Professor Zhang introduced his work on human capsid assembly protein and new RNA editing systems. He described the progress in developing non-viral delivery technologies and shared the discoveries in PNMA2, which was secreted as a non-enveloped capsid and did not selectively package mRNA. After reconstituting PNMA2 capsids in vitro, the group engineered PNMA2 to bind RNA and demonstrated that the engineered PNMA2 could package and deliver mRNA into cells. In the second part, Professor Zhang introduced his work on the IscB protein family. By systematically analyzing the origin and evolutionary relationships of the CRISPR system, they found that the transposon-encoded IscB family proteins were RNA-guided nucleases in the OMEGA (obligate mobile element-guided activity) system, and likely to be the ancestors of the RNA-guided nuclease Cas9 in the type II CRISPR-Cas adaptive immune system. Using evolutionary analysis, RNA sequencing, and biochemical experiments, Zhang’s lab demonstrated that IscB used a single ncRNA for RNA-guided cleavage of dsDNA, and it could be harnessed for genome editing in human cells. This work revealed a widespread class of transposon-encoded RNA-guided nucleases, with strong developability as biotechnologies for gene editing and gene delivery.

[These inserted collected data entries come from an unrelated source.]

lemma length_le_psize:
  assumes "is_partition L"
  shows "length L \<le> psize L"
proof -
  have "sum_list (map (\<lambda>_. 1::nat) L) \<le> sum_list L"
    using assms sum_list_mono[of L "\<lambda>_. 1" id] by (auto simp: is_partition_def Suc_le_eq intro: gr0I)
  then show ?thesis by (simp add: psize_def sum_list_triv)
qed

lemma partition_eqI:
  assumes "is_partition P" "is_partition Q" "\<And>i. 1 \<le> i \<Longrightarrow> part P i = part Q i"
  shows "P = Q"
proof (rule nth_equalityI)
  have "length A \<le> length B"
    if "is_partition A" "is_partition B" "\<And>i. 1 \<le> i \<Longrightarrow> part A i = part B i" for A B
    using part_pos_iff[OF that(1), of "length A"] part_pos_iff[OF that(2), of "length A"]
      that(3)[of "length A"] by (cases "length A = 0") auto
  then show len: "length P = length Q"
    using assms by (metis order.antisym)
  fix i assume "i < length P"
  then show "P ! i = Q ! i" using assms(3)[of "Suc i"] len by (simp add: part_def)
qed

lemma beta_strict_antimono:
  assumes "is_partition L" "1 \<le> i" "i < j"
  shows "beta s L j < beta s L i"
  using part_antimono[OF assms(1,2), of j] assms(3) by (simp add: beta_def)

lemma beta_antimono:
  assumes "is_partition L" "1 \<le> i" "i \<le> j"
  shows "beta s L j \<le> beta s L i"
  using part_antimono[OF assms] assms(3) by (simp add: beta_def)

lemma inj_on_beta:
  assumes "is_partition L"
  shows "inj_on (beta s L) {1..}"
proof (rule inj_onI)
  fix i j assume "i \<in> {1..}" "j \<in> {1..}" "beta s L i = beta s L j"
  then show "i = j"
    using beta_strict_antimono[OF assms, of i j s] beta_strict_antimono[OF assms, of j i s]
    by (cases i j rule: linorder_cases) auto
qed

lemma card_Bset: "is_partition L \<Longrightarrow> card (Bset s r L) = r"
  unfolding Bset_def by (subst card_image[OF inj_on_subset[OF inj_on_beta]]) auto

lemma diagram_eq_Sigma: "diagram L = (SIGMA i:{1..length L}. {1..part L i})"
  by (auto simp: diagram_def part_def split: if_splits)

lemma finite_diagram: "finite (diagram L)"
  by (simp add: diagram_eq_Sigma)

lemma card_diagram: "card (diagram L) = psize L"
  by (simp add: diagram_eq_Sigma psize_def sum_list_eq_sum_part[of L "length L"])

definition meet :: "nat list \<Rightarrow> nat list \<Rightarrow> nat list" where
  "meet P Q = map2 min P Q"

lemma part_meet: "part (meet P Q) i = min (part P i) (part Q i)"
proof (cases "1 \<le> i \<and> i \<le> length P \<and> i \<le> length Q")
  case True
  then have "map2 min P Q ! (i - 1) = min (P ! (i - 1)) (Q ! (i - 1))" by (subst nth_map) auto
  then show ?thesis using True by (simp add: meet_def part_def)
qed (auto simp: meet_def part_def)

lemma is_partition_meet:
  assumes "is_partition P" "is_partition Q"
  shows "is_partition (meet P Q)"
proof -
  have "sorted (rev P)" "sorted (rev Q)" using assms by (simp_all add: is_partition_def)
  then have "sorted (rev (map2 min P Q))"
    unfolding sorted_rev_iff_nth_mono by (auto intro: min.coboundedI1 min.coboundedI2)
  moreover have "0 \<notin> set (map2 min P Q)"
    using assms by (auto simp: is_partition_def min_def split: if_splits dest: set_zip_leftD set_zip_rightD)
  ultimately show ?thesis by (simp add: is_partition_def meet_def)
qed

lemma diagram_meet: "diagram (meet P Q) = diagram P \<inter> diagram Q"
  by (auto simp: diagram_def part_meet)

lemma is_skew_diagram_diff:
  assumes "is_partition P" "is_partition Q"
  shows "is_skew_diagram (diagram P - diagram Q)"
  unfolding is_skew_diagram_def
  using assms is_partition_meet[OF assms] diagram_meet[of P Q] by blast

definition excess_rows :: "nat list \<Rightarrow> nat list \<Rightarrow> nat set" where
  "excess_rows P Q = {i. 1 \<le> i \<and> part Q i < part P i}"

2.Presentation by Wensheng Wei

Gene Editing and Beyond

The Wei lab focuses on developing novel gene editing tools,investigating high-throughput functional genomics and establishing novel platforms for nucleic acid therapeutics. Based on gene editing technology, they pioneered a series of novel high-throughput functional screening platforms to systematically analyze the function of protein-coding genes, non-coding RNAs, non-coding regulatory elements, and critical amino acids. These platforms include: (1) the CRISPR-based high-throughput screening technology, (2) lncRNA screening methods based on the large-fragment deletion and splice site-targeting strategies, (3) the iBAR strategy and the following BARBEKO method that enhance the efficiency and cost-effectiveness of genome-wide functional screening, (4) the PASTMUS method for scanning and identifying functional sites of proteins at amino acid resolution, and (5) the genome-wide functional amino acid mapping using ABE system. In the field of developing gene editing tools, they firstly developed a novel RNA editing technology named LEAPER and an optimized version LEAPER 2.0, which only requires the introduction of a specially designed "guide" RNA that can recruit the endogenous deaminase ADAR to achieve efficient and precise editing of specific adenosine residues on the target RNA. They further developed an efficient mitochondrial base editor called mitoBE, which has the potential to correct the majority of mitochondrial pathogenic mutations, offering an efficient and precise DNA editing tool for the treatment of mitochondrial genetic diseases. Moreover, they established an efficient in vitro technology platform for the production of high-purity circular RNA, and developed the first circular RNA vaccine against SARS-CoV-2 and its variants.